lemma sum_ybar_num:
  assumes "n \<ge> 1"
  shows "(\<Sum>i\<in>{1..n}. ybar_num n \<nu> \<rho> i) = - real n * xbar_num n \<nu> \<rho>"
proof -
  let ?I = "{1..n}"
  define a where "a j = \<rho> j * (\<nu> j - 1)" for j
  define S where "S j = (\<Sum>i\<in>?I - {j}. \<Prod>k\<in>?I - {j, i}. \<nu> k)" for j
  define P where "P j = (\<Prod>k\<in>?I - {j}. \<nu> k)" for j
  have swapped: "(\<Sum>i\<in>?I. (1 - real n + real n * \<nu> i) *
        (\<Sum>j\<in>?I - {i}. a j * (\<Prod>k\<in>?I - {i, j}. \<nu> k)))
      = (\<Sum>j\<in>?I. a j * ((1 - real n) * S j + real n * (real n - 1) * P j))"
  proof -
    have "(\<Sum>i\<in>?I. (1 - real n + real n * \<nu> i) *
          (\<Sum>j\<in>?I - {i}. a j * (\<Prod>k\<in>?I - {i, j}. \<nu> k)))
        = (\<Sum>j\<in>?I. \<Sum>i\<in>?I - {j}. a j * ((1 - real n + real n * \<nu> i) * (\<Prod>k\<in>?I - {i, j}. \<nu> k)))"
      unfolding sum_distrib_left
      by (subst sum_off_diagonal_swap) (simp_all add: algebra_simps)
    also have "\<dots> = (\<Sum>j\<in>?I. a j * ((1 - real n) * S j + real n * (real n - 1) * P j))"
      unfolding S_def P_def sum_distrib_left[symmetric]
      by (intro sum.cong refl) (simp add: sum_weighted_cofactors)
    finally show ?thesis .
  qed
  have "(\<Sum>i\<in>?I. ybar_num n \<nu> \<rho> i)
      = (\<Sum>i\<in>?I. a i * ((1 - real n) * S i + real n * (real n - 2) * P i))
        - (\<Sum>j\<in>?I. a j * ((1 - real n) * S j + real n * (real n - 1) * P j))"
    unfolding ybar_num_def swapped[symmetric] sum_subtractf
    by (simp add: a_def S_def P_def mult.assoc insert_commute)
  also have "\<dots> = - real n * (\<Sum>i\<in>?I. a i * P i)"
    by (simp add: sum_subtractf[symmetric] sum_distrib_left algebra_simps)
  finally show ?thesis
    unfolding xbar_num_def a_def P_def by (simp add: mult.assoc)
qed

lemma sum_ybar:
  assumes "n \<ge> 1" "denom n \<nu> \<noteq> 0"
  shows "(\<Sum>i\<in>{1..n}. ybar n \<nu> \<rho> i) = 1 - xbar n \<nu> \<rho>"
proof -
  have "(\<Sum>i\<in>{1..n}. ybar n \<nu> \<rho> i)
      = (\<Sum>i\<in>{1..n}. 1 / real n) + (\<Sum>i\<in>{1..n}. ybar_num n \<nu> \<rho> i) / (real n * denom n \<nu>)"
    unfolding ybar_eq by (simp add: sum.distrib sum_divide_distrib)
  also have "\<dots> = 1 - xbar n \<nu> \<rho>"
    unfolding sum_ybar_num[OF assms(1)] xbar_eq using assms by simp
  finally show ?thesis .
qed

lemma sum_Diff_differences:
  fixes y :: "'a \<Rightarrow> real"
  assumes "finite I" "i \<in> I"
  shows "(\<Sum>j\<in>I - {i}. y j - y i) = (\<Sum>j\<in>I. y j) - real (card I) * y i"
  using assms real_card_Diff_singleton[OF assms]
  by (simp add: sum_subtractf sum.remove algebra_simps)

lemma equilibrium_component_identity:
  fixes n r v p s t A D N :: real
  assumes "n > 1" "D \<noteq> 0"
    and "D = (n * v - 1) * p - v * s"
    and "A = r * (v - 1) * p + v * t"
    and "N = r * (v - 1) * ((1 - n) * s + n * (n - 2) * p) - (1 - n + n * v) * t"
  shows "(1 - v) * (A / D - r) + v / (n - 1) * (1 - A / D - n * (1 / n + N / (n * D))) = 0"
proof -
  have "(1 - v) * (A / D - r) + v / (n - 1) * (1 - A / D - n * (1 / n + N / (n * D)))
      = ((1 - v) * (n - 1) * (A - r * D) - v * (A + N)) / ((n - 1) * D)"
    using assms(1,2) by (simp add: field_simps)
  also have "(1 - v) * (n - 1) * (A - r * D) - v * (A + N) = 0"
    unfolding assms(3-5) by algebra
  finally show ?thesis by simp
qed

lemma rhs_y_at_equilibrium:
  assumes "n \<ge> 2" "denom n \<nu> \<noteq> 0" "i \<in> {1..n}"
  shows "rhs_y n \<beta> \<nu> \<rho> (xbar n \<nu> \<rho>) (ybar n \<nu> \<rho>) i = 0"
proof -
  have coupling: "(\<Sum>j\<in>{1..n} - {i}. ybar n \<nu> \<rho> j - ybar n \<nu> \<rho> i)
      = 1 - xbar n \<nu> \<rho> - real n * ybar n \<nu> \<rho> i"
    using sum_Diff_differences[of "{1..n}" i] sum_ybar[of n] assms by simp
  have "(1 - \<nu> i) * (xbar n \<nu> \<rho> - \<rho> i)
      + \<nu> i / (real n - 1) * (1 - xbar n \<nu> \<rho> - real n * ybar n \<nu> \<rho> i) = 0"
    unfolding xbar_eq ybar_eq ybar_num_def
    by (rule equilibrium_component_identity[OF _ assms(2) denom_expand_at[OF assms(3)]
          xbar_num_expand_at[OF assms(3)]])
       (use assms(1) in simp_all)
  then show ?thesis
    unfolding rhs_y_def coupling by simp
qed

theorem lemma10p6:
  fixes n :: nat and \<beta> \<nu> \<rho> :: "nat \<Rightarrow> real"
  assumes "n \<ge> 2"
    and "\<forall>i\<in>{1..n}. \<beta> i > 0"
    and "\<forall>i\<in>{1..n}. 0 \<le> \<nu> i \<and> \<nu> i \<le> 1"
    and "\<forall>i\<in>{1..n}. 0 \<le> \<rho> i \<and> \<rho> i \<le> 1"
    and "card {i\<in>{1..n}. \<nu> i = 0} \<le> 1"
    and "\<not> (\<forall>i\<in>{1..n}. \<nu> i = 1)"
    and "\<not> (\<forall>i\<in>{1..n}. \<nu> i = 0)"
    and "\<not> (\<forall>i\<in>{1..n}. \<rho> i = 1)"
    and "\<not> (\<forall>i\<in>{1..n}. \<rho> i = 0)"
  shows "is_equilibrium n \<beta> \<nu> \<rho> (xbar n \<nu> \<rho>) (ybar n \<nu> \<rho>)"
proof -
  have D: "denom n \<nu> \<noteq> 0"
    using denom_neg[OF assms(3,5,6)] by simp
  have "(\<Sum>i\<in>{1..n}. ybar n \<nu> \<rho> i) = 1 - xbar n \<nu> \<rho>"
    using sum_ybar[OF _ D] assms(1) by simp
  then show ?thesis
    unfolding is_equilibrium_def rhs_x_def
    using rhs_y_at_equilibrium[OF assms(1) D] by simp
qed

end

Exercise instructions: Every line in the records above with "define" in it adds one to the count; give that count and nothing else.

Worked solution: 3